1.4. The process of monitoring Kubernetes in Checkmk

Checkmk monitors your Kubernetes clusters in two ways:

The Kubernetes special agent simply retrieves basic information via your cluster’s API server. This can already be used to retrieve the states of nodes and containers. Most of the metadata of your pods and deployments are also obtained in this way.

For a comprehensive monitoring, however, something is still missing up to this point. Questions such as how much load a particular deployment generates on the CPU, or how much memory a DaemonSet is currently using cannot be answered in this way.

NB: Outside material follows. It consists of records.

lemma annulus_exhaust:
  assumes "t \<noteq> 0"
  obtains n where "t \<in> annulus n"
proof -
  obtain n :: nat where "\<bar>ln (norm t)\<bar> / (2 * a) + 1 \<le> real n"
    using real_arch_simple by blast
  then have "\<bar>ln (norm t)\<bar> \<le> 2 * a * real n - 2 * a"
    using a_pos by (simp add: field_simps)
  then have "2 * a * (- real n - 3/4) < ln (norm t)" "ln (norm t) < 2 * a * (real n - 1/4)"
    using a_pos by (auto simp: algebra_simps abs_le_iff)
  then have "exp (2 * a * (- real n - 3/4)) < norm t" "norm t < exp (2 * a * (real n - 1/4))"
    using assms by (metis exp_less_cancel_iff exp_ln zero_less_norm_iff)+
  with that show ?thesis
    unfolding mem_annulus by blast
qed

lemma annulus_norm_le_node:
  assumes "t \<in> annulus n" "int n \<le> k"
  shows "norm t \<le> exp (- a / 2) * node k"
proof -
  have "norm t < exp (2 * a * (real n - 1/4))"
    using assms(1) by (simp add: mem_annulus)
  also have "\<dots> = exp (- a / 2) * exp (2 * a * real n)"
    by (simp add: algebra_simps flip: exp_add)
  also have "\<dots> \<le> exp (- a / 2) * node k"
    using assms(2) a_pos by (simp add: node_def)
  finally show ?thesis
    by simp
qed

lemma annulus_node_le_norm:
  assumes "t \<in> annulus n" "k < - int n"
  shows "node k \<le> exp (- a / 2) * norm t"
proof -
  have "node k \<le> exp (2 * a * (- real n - 1))"
    using assms(2) a_pos by (simp add: node_def)
  also have "\<dots> = exp (- a / 2) * exp (2 * a * (- real n - 3/4))"
    by (simp add: algebra_simps flip: exp_add)
  also have "\<dots> \<le> exp (- a / 2) * norm t"
    using assms(1) by (simp add: mem_annulus)
  finally show ?thesis .
qed

lemma annulus_no_pole:
  assumes "t \<in> annulus n" "k \<notin> {- int n..<int n}"
  shows "t + complex_of_real (node k) \<noteq> 0"
proof
  assume "t + complex_of_real (node k) = 0"
  then have "norm t = node k"
    by (metis add_eq_0_iff norm_minus_cancel norm_of_real abs_of_pos node_pos)
  then have "node k \<le> exp (- a / 2) * node k"
    using annulus_norm_le_node[OF assms(1)] annulus_node_le_norm[OF assms(1)] assms(2)
    by (cases "int n \<le> k") auto
  moreover have "exp (- a / 2) < 1"
    using a_pos by simp
  ultimately show False
    using node_pos[of k] by (simp add: mult_le_cancel_right1)
qed

lemma norm_tail_term_le:
  assumes "t \<in> annulus n" "k \<notin> {- int n..<int n}"
  shows "norm (weight k / (t + complex_of_real (node k)))
           \<le> B / (1 - exp (- a / 2)) * exp (2 * a * (real n + 3/4)) * exp (- a * \<bar>of_int k\<bar>)"
proof -
  define \<theta> where "\<theta> = exp (- a / 2)"
  have \<theta>: "0 \<le> \<theta>" "\<theta> < 1"
    using a_pos by (auto simp: \<theta>_def)
  show ?thesis
  proof (cases "k \<ge> int n")
    case True
    have "norm (weight k / (t + complex_of_real (node k))) \<le> B * exp (a * of_int k) / ((1 - \<theta>) * node k)"
      using norm_term_le_large_node[OF \<theta> annulus_norm_le_node[OF assms(1) True, folded \<theta>_def]] .
    also have "\<dots> = B / (1 - \<theta>) * (exp (a * of_int k) / node k)"
      using \<theta> by (simp add: field_simps)
    also have "\<dots> = B / (1 - \<theta>) * exp (- a * \<bar>of_int k\<bar>)"
      using True by (simp add: exp_divide_node)
    also have "\<dots> \<le> B / (1 - \<theta>) * exp (2 * a * (real n + 3/4)) * exp (- a * \<bar>of_int k\<bar>)"
      using mult_left_mono[of 1 "exp (2 * a * (real n + 3/4))" "B / (1 - \<theta>)"] \<theta> B_nonneg a_pos
      by (intro mult_right_mono) auto
    finally show ?thesis
      by (simp add: \<theta>_def)
  next
    case False
    with assms(2) have "k < - int n"
      by auto
    have "norm (weight k / (t + complex_of_real (node k))) \<le> B * exp (a * of_int k) / ((1 - \<theta>) * norm t)"
      using norm_term_le_small_node[OF \<theta> annulus_node_le_norm[OF assms(1) \<open>k < - int n\<close>, folded \<theta>_def]] .
    also have "\<dots> \<le> B * exp (a * of_int k) / ((1 - \<theta>) * exp (2 * a * (- real n - 3/4)))"
      using \<theta> B_nonneg assms(1) unfolding mem_annulus
      by (intro divide_left_mono mult_left_mono mult_pos_pos) auto
    also have "\<dots> = B / (1 - \<theta>) * exp (a * of_int k - 2 * a * (- real n - 3/4))"
      using \<theta> by (simp add: exp_diff)
    also have "exp (a * of_int k - 2 * a * (- real n - 3/4)) = exp (2 * a * (real n + 3/4)) * exp (- a * \<bar>of_int k\<bar>)"
      using \<open>k < - int n\<close> by (simp add: algebra_simps flip: exp_add)
    finally show ?thesis
      by (simp add: \<theta>_def)
  qed
qed

lemma tail_majorant_summable:
  "(\<lambda>k. B / (1 - exp (- a / 2)) * exp (2 * a * (real n + 3/4)) * exp (- a * \<bar>of_int k\<bar>))
     summable_on (UNIV - {- int n..<int n})"
  using summable_on_exp_neg_abs_int[OF a_pos]
  by (intro summable_on_subset_banach[OF summable_on_cmult_right]) auto

lemma cleared_holomorphic: "cleared n holomorphic_on annulus n"
proof -
  have "stieltjes_tail n holomorphic_on annulus n"
    unfolding stieltjes_tail_def
  proof (rule holomorphic_on_infsum[OF open_annulus])
    fix w assume "w \<in> annulus n"
    then obtain r where "r > 0" "cball w r \<subseteq> annulus n"
      using open_annulus open_contains_cball by blast
    then show "\<exists>r>0. cball w r \<subseteq> annulus n \<and> (\<exists>M. M summable_on UNIV - {- int n..<int n} \<and>
        (\<forall>k\<in>UNIV - {- int n..<int n}. \<forall>t\<in>cball w r. norm (weight k / (t + complex_of_real (node k))) \<le> M k))"
      using norm_tail_term_le tail_majorant_summable by blast
  next
    fix k assume "k \<in> UNIV - {- int n..<int n}"
    then show "(\<lambda>t. weight k / (t + complex_of_real (node k))) holomorphic_on annulus n"
      using annulus_no_pole by (intro holomorphic_intros) auto
  qed
  then show ?thesis
    unfolding cleared_def node_poly_def by (intro holomorphic_intros)
qed

lemma cleared_eq:
  assumes "t \<in> annulus n" "node_poly n t \<noteq> 0"
  shows "cleared n t = stieltjes t * node_poly n t"
proof -
  let ?S = "{- int n..<int n}" and ?u = "\<lambda>k. weight k / (t + complex_of_real (node k))"
  have no_pole: "t + complex_of_real (node k) \<noteq> 0" if "k \<in> ?S" for k
    using assms(2) that by (auto simp: node_poly_def)
  have "?u summable_on (UNIV - ?S)"
    using norm_tail_term_le[OF assms(1)] by (intro summable_on_norm_le(1)[OF tail_majorant_summable]) auto
  then have "infsum ?u (?S \<union> (UNIV - ?S)) = infsum ?u ?S + infsum ?u (UNIV - ?S)"
    by (intro infsum_Un_disjoint) auto
  then have "stieltjes t = (\<Sum>k\<in>?S. ?u k) + stieltjes_tail n t"
    unfolding stieltjes_def stieltjes_tail_def by simp
  moreover have "(\<Sum>k\<in>?S. ?u k) * node_poly n t
      = (\<Sum>k\<in>?S. weight k * (\<Prod>j\<in>?S - {k}. t + complex_of_real (node j)))"
    unfolding sum_distrib_right node_poly_def
  proof (rule sum.cong[OF refl])
    fix k assume "k \<in> ?S"
    then show "?u k * (\<Prod>j\<in>?S. t + complex_of_real (node j))
        = weight k * (\<Prod>j\<in>?S - {k}. t + complex_of_real (node j))"
      using no_pole by (simp add: prod.remove)
  qed
  ultimately show ?thesis
    unfolding cleared_def by (simp add: algebra_simps)
qed

lemma node_poly_nonzero:
  assumes "\<And>k. k \<in> {- int n..<int n} \<Longrightarrow> t + complex_of_real (node k) \<noteq> 0"
  shows "node_poly n t \<noteq> 0"
  using assms by (simp add: node_poly_def)

lemma node_poly_nonzero_norm:
  assumes "\<And>k. k \<in> {- int n..<int n} \<Longrightarrow> norm t \<noteq> node k"
  shows "node_poly n t \<noteq> 0"
proof (rule node_poly_nonzero)
  fix k assume "k \<in> {- int n..<int n}"
  then show "t + complex_of_real (node k) \<noteq> 0"
    using assms by (metis add_eq_0_iff abs_of_pos node_pos norm_minus_cancel norm_of_real)
qed

lemma circle_in_annulus:
  assumes "- real n - 3/4 < s" "s < real n - 1/4" "norm t = exp (2 * a * s)"
  shows "t \<in> annulus n"
  unfolding mem_annulus assms(3) using assms(1,2) a_pos by simp

lemma closed_annulus_subset:
  "cball 0 (exp (2 * a * (real n - 1/2))) - ball 0 (exp (2 * a * (- real n - 1/2))) \<subseteq> annulus n"
proof
  fix w :: complex
  assume "w \<in> cball 0 (exp (2 * a * (real n - 1/2))) - ball 0 (exp (2 * a * (- real n - 1/2)))"
  then have "exp (2 * a * (- real n - 1/2)) \<le> norm w" "norm w \<le> exp (2 * a * (real n - 1/2))"
    by auto
  moreover have "exp (2 * a * (- real n - 3/4)) < exp (2 * a * (- real n - 1/2))"
    "exp (2 * a * (real n - 1/2)) < exp (2 * a * (real n - 1/4))"
    using a_pos by simp_all
  ultimately show "w \<in> annulus n"
    unfolding mem_annulus by (intro conjI) linarith+
qed

lemma no_pole_right_half_plane:
  assumes "Re t > 0"
  shows "t + complex_of_real (node k) \<noteq> 0"
proof -
  have "Re (t + complex_of_real (node k)) > 0"
    using assms by (simp add: add_pos_pos)
  then show ?thesis
    by (metis less_irrefl zero_complex.sel(1))
qed

lemma stieltjes_holomorphic: "stieltjes holomorphic_on {t. Re t > 0}"
proof -
  have "stieltjes holomorphic_on {t. Re t > 0} \<inter> annulus n" for n
  proof (rule holomorphic_transform[of "\<lambda>t. cleared n t / node_poly n t"])
    show "(\<lambda>t. cleared n t / node_poly n t) holomorphic_on {t. Re t > 0} \<inter> annulus n"
      using no_pole_right_half_plane unfolding node_poly_def
      by (intro holomorphic_intros holomorphic_on_subset[OF cleared_holomorphic]) auto
  qed (use cleared_eq node_poly_nonzero no_pole_right_half_plane in auto)
  then have "stieltjes holomorphic_on (\<Union>n. {t. Re t > 0} \<inter> annulus n)"
    by (intro holomorphic_on_UN_open open_Int open_halfspace_Re_gt open_annulus)
  moreover have "t \<in> (\<Union>n. {t. Re t > 0} \<inter> annulus n)" if "Re t > 0" for t
  proof -
    from that have "t \<noteq> 0"
      by auto
    then obtain n where "t \<in> annulus n"
      by (rule annulus_exhaust)
    with that show ?thesis
      by blast
  qed
  then have "(\<Union>n. {t. Re t > 0} \<inter> annulus n) = {t. Re t > 0}"
    by blast
  ultimately show ?thesis
    by simp
qed

section \<open>Dividing out the zeros\<close>

lemma stieltjes_nonzero:
  assumes "\<exists>x. f x \<noteq> 0"
  shows "\<exists>w\<in>{t. Re t > 0}. stieltjes w \<noteq> 0"
  using assms f_eq_stieltjes by force

lemma zero_mult_eq_zorder:
  assumes "\<exists>x. f x \<noteq> 0"
  shows "zero_mult f \<xi> = nat (zorder stieltjes (complex_of_real (exp (2 * a * \<xi>))))"
proof -
  have "f = (\<lambda>y. 2 * complex_of_real (exp (a * y)) * stieltjes (complex_of_real (exp (2 * a * y))))"
    using f_eq_stieltjes by blast
  moreover note stieltjes_nonzero[OF assms]
  moreover have "((\<lambda>y. exp (2 * a * y)) has_real_derivative exp (2 * a * \<xi>) * (2 * a)) (at \<xi>)"
    by (auto intro!: derivative_eq_intros)
  ultimately show ?thesis
    using a_pos
    by (auto intro!: zero_mult_holomorphic_comp[OF stieltjes_holomorphic open_halfspace_Re_gt
          connected_halfspace_Re_gt] continuous_intros)
qed

lemma cleared_local_factor:
  assumes "\<exists>x. f x \<noteq> 0" "complex_of_real (exp (2 * a * x)) \<in> annulus n" "\<mu> \<le> zero_mult f x"
  shows "\<exists>r>0. \<exists>g. g holomorphic_on ball (complex_of_real (exp (2 * a * x))) r \<and>
    (\<forall>w\<in>ball (complex_of_real (exp (2 * a * x))) r.
       cleared n w = g w * (w - complex_of_real (exp (2 * a * x))) ^ \<mu>)"
proof -
  define \<tau> where "\<tau> = complex_of_real (exp (2 * a * x))"
  define k where "k = nat (zorder stieltjes \<tau>)"
  note stieltjes_nonzero[OF assms(1)]
  moreover have "\<tau> \<in> {t. Re t > 0}"
    by (simp add: \<tau>_def)
  ultimately obtain r where r: "r > 0" "cball \<tau> r \<subseteq> {t. Re t > 0}" "zor_poly stieltjes \<tau> holomorphic_on cball \<tau> r"
    and factor: "\<And>w. w \<in> cball \<tau> r \<Longrightarrow> stieltjes w = zor_poly stieltjes \<tau> w * (w - \<tau>) ^ k"
    using zorder_exist_zero[OF stieltjes_holomorphic open_halfspace_Re_gt connected_halfspace_Re_gt]
    unfolding k_def by metis
  obtain e where e: "e > 0" "ball \<tau> e \<subseteq> annulus n"
    using open_annulus assms(2) open_contains_ball unfolding \<tau>_def by blast
  have "\<mu> \<le> k"
    using assms(3) zero_mult_eq_zorder[OF assms(1)] unfolding k_def \<tau>_def by simp
  define g where "g w = zor_poly stieltjes \<tau> w * node_poly n w * (w - \<tau>) ^ (k - \<mu>)" for w
  have "ball \<tau> (min r e) \<subseteq> cball \<tau> r"
    by auto
  then have "g holomorphic_on ball \<tau> (min r e)"
    unfolding g_def node_poly_def by (intro holomorphic_intros holomorphic_on_subset[OF r(3)])
  moreover have "cleared n w = g w * (w - \<tau>) ^ \<mu>" if w: "w \<in> ball \<tau> (min r e)" for w
  proof -
    have "w \<in> cball \<tau> r" "w \<in> ball \<tau> e"
      using w by auto
    then have "Re w > 0" "w \<in> annulus n"
      using r(2) e(2) by auto
    then have "cleared n w = stieltjes w * node_poly n w"
      by (intro cleared_eq node_poly_nonzero no_pole_right_half_plane)
    also have "\<dots> = g w * (w - \<tau>) ^ \<mu>"
      using factor[of w] w \<open>\<mu> \<le> k\<close> by (simp add: g_def mult_ac flip: power_add)
    finally show ?thesis .
  qed
  ultimately show ?thesis
    using r(1) e(1) unfolding \<tau>_def by (intro exI[of _ "min r e"]) auto
qed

This is where our Checkmk Node Collector and our Checkmk Cluster Collector come into play. These are an indispensable part of Kubernetes monitoring within Checkmk. A not insignificant part of what follows in this article is thus also about installing and setting these up. In addition, the use of the Kubernetes dashboards in the commercial editions only makes sense if the Node and Cluster Collectors can provide data on the loads for this.

1.5. Differences compared to other monitoring in Checkmk

When monitoring pods and replicas in your Kubernetes clusters, status changes or delays sometimes occur much more frequently. To account for this, the checks for certain states of these objects only change their status in Checkmk after 10 minutes.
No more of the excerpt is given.